Of course, there was a silver lining to the whole saga. Stonebraker had forked the Ingres codebase in 1982 to create his company. Defeated by the bruising database wars of the 80s, he returned to Berkeley in 1985, and started a post-Ingres database project. Naturally, he named that database post-gres — as in, after Ingres.
And thus PostgreSQL was born."
I was trying to figure what you meant. I think I have an inkling now -- let me know if this is correct. Your quibble is with the fact the implication here is that since SQL won, Stonebraker jumped on the SQL bandwagon and created a SQL database, when in fact, he didn't -- he merely created Postgres, which ran on QUEL and didn't have SQL until much later.
I think the author made a stylistic choice to omit that detail to drive home a point, but even so nothing was said that was non-factual.
The omission, combined with the context, leads the reader to make an incorrect conclusion.
... he returned to Berkeley in 1985, and started a post-
Ingres database project.
That would be Postgres.
Naturally, he named that database post-gres — as in, after Ingres.
He says it's Postgres.
And thus PostgreSQL was born.
"thus" implies that the preceding discussion, about Postgres, describes the birth of PostgreSQL. Which it doesn't. At best, this is confusing, suggesting that Postgres = PostgreSQL. Postgres became PostgreSQL ten years later, once SQL was added, replacing PostQUEL. The elided details allow for different interpretations, including the wrong one, that SQL was there from the beginning. Also, the tone of the text you quoted suggests that Stonebraker learned his lesson, and just went to SQL for the Postgres project, which he definitely did not do.
I see what you're saying about that implication. I think the effects were indirect; SQL winning meant that Postgres, even though it started out supporting only POSTQUEL, had to evolve to eventually supporting SQL -- though you are correct that the cause-effect was not as direct and as inexorable as might have been implied in the prose.
I personally think eliding details was artistic license to make the prose flow better without bringing in ancillary details, but that's just me.
Stonebraker did eventually change his mind about SQL however -- if you've watched any of his recent talks he's of the opinion that most query languages will eventually and inexorably converge to some variant of SQL. (he was wrong about Mongo inventing a SQL-like query language, but that's what his philosophical commitments look like these days)

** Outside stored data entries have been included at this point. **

lemma trim_weight_properties:
  assumes "finite R" and p0: "\<And>v. 0 \<le> p v" and q0: "\<And>v. 0 \<le> q v"
    and sum_p: "sum p R = 1" and sum_q: "sum q R = 1" and "0 < \<alpha>" and "\<alpha> \<le> 1"
  shows "0 \<le> trim_weight \<alpha> R p q v"
    and "trim_weight \<alpha> R p q v \<le> p v / \<alpha>"
    and "sum (trim_weight \<alpha> R p q) R = 1"
    and "(\<Sum>v\<in>R. \<bar>trim_weight \<alpha> R p q v - q v\<bar>) \<le> 2 * (1 - sum (capped_weight \<alpha> p q) R)"
proof -
  define w where "w = capped_weight \<alpha> p q"
  define W where "W = sum w R"
  define t where "t = (1 - W) / (1 / \<alpha> - W)"
  have m: "trim_weight \<alpha> R p q v = w v + t * (p v / \<alpha> - w v)" for v
    by (simp add: trim_weight_def Let_def w_def W_def t_def)
  have w0: "0 \<le> w v" and wq: "w v \<le> q v" and wp: "w v \<le> p v / \<alpha>" for v
    using p0[of v] q0[of v] \<open>0 < \<alpha>\<close> by (simp_all add: w_def capped_weight_def)
  have "W \<le> 1"
    unfolding W_def using sum_mono[of R w q] wq sum_q by simp
  moreover have "1 \<le> 1 / \<alpha>" using \<open>0 < \<alpha>\<close> \<open>\<alpha> \<le> 1\<close> by simp
  ultimately have t0: "0 \<le> t" and t1: "t \<le> 1" and t_slack: "t * (1 / \<alpha> - W) = 1 - W"
    unfolding t_def by (auto simp: divide_le_eq_1)
  have slack: "(\<Sum>v\<in>R. p v / \<alpha> - w v) = 1 / \<alpha> - W"
    unfolding W_def by (simp add: sum_subtractf sum_divide_distrib[symmetric] sum_p)
  have "trim_weight \<alpha> R p q v = (1 - t) * w v + t * (p v / \<alpha>)"
    by (simp add: m algebra_simps)
  also have "\<dots> \<le> (1 - t) * (p v / \<alpha>) + t * (p v / \<alpha>)"
    using t0 t1 wp[of v] by (intro add_mono mult_left_mono) auto
  also have "\<dots> = p v / \<alpha>"
    by (simp add: add_divide_distrib[symmetric] algebra_simps)
  finally show "trim_weight \<alpha> R p q v \<le> p v / \<alpha>" .
  show "0 \<le> trim_weight \<alpha> R p q v"
    using w0[of v] wp[of v] t0 by (simp add: m)
  show "sum (trim_weight \<alpha> R p q) R = 1"
    using t_slack slack by (simp add: m W_def sum.distrib flip: sum_distrib_left)
  have "(\<Sum>v\<in>R. \<bar>trim_weight \<alpha> R p q v - q v\<bar>) \<le> (\<Sum>v\<in>R. (q v - w v) + t * (p v / \<alpha> - w v))"
    using wq wp t0 by (intro sum_mono) (simp add: m abs_le_iff)
  also have "\<dots> = 2 * (1 - W)"
    using t_slack slack sum_q
    by (simp add: W_def sum.distrib sum_subtractf flip: sum_distrib_left)
  finally show "(\<Sum>v\<in>R. \<bar>trim_weight \<alpha> R p q v - q v\<bar>) \<le> 2 * (1 - sum (capped_weight \<alpha> p q) R)"
    by (simp add: W_def w_def)
qed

"Mike Stonebraker of Ingres didn’t even bother to show up at the committee meeting to make the (quite strong) case for adopting QUEL because he was ideologically opposed to setting technology standards. It was the behavior of an intellectually arrogant academic rather than a prudent businessman protecting the interests of his company."
Some might call the behavior principled, rather than arrogant.
The more we go forward with technology and everything, the more I understand: Stallman was 110% damn right the whole time, and was lightyears ahead in seeing what other people couldn't see.
Apparently it is not easy to create general purpose datalog engines that scale.
"In this paper, we started with the observation that Datalog engines do not translate across domains. We experimentally evaluated the advantages and disadvantages of existing techniques, and compared them with our own baseline, a general-purpose, parallel, in-memory Datalog solver (RecStep) built upon a rdbms.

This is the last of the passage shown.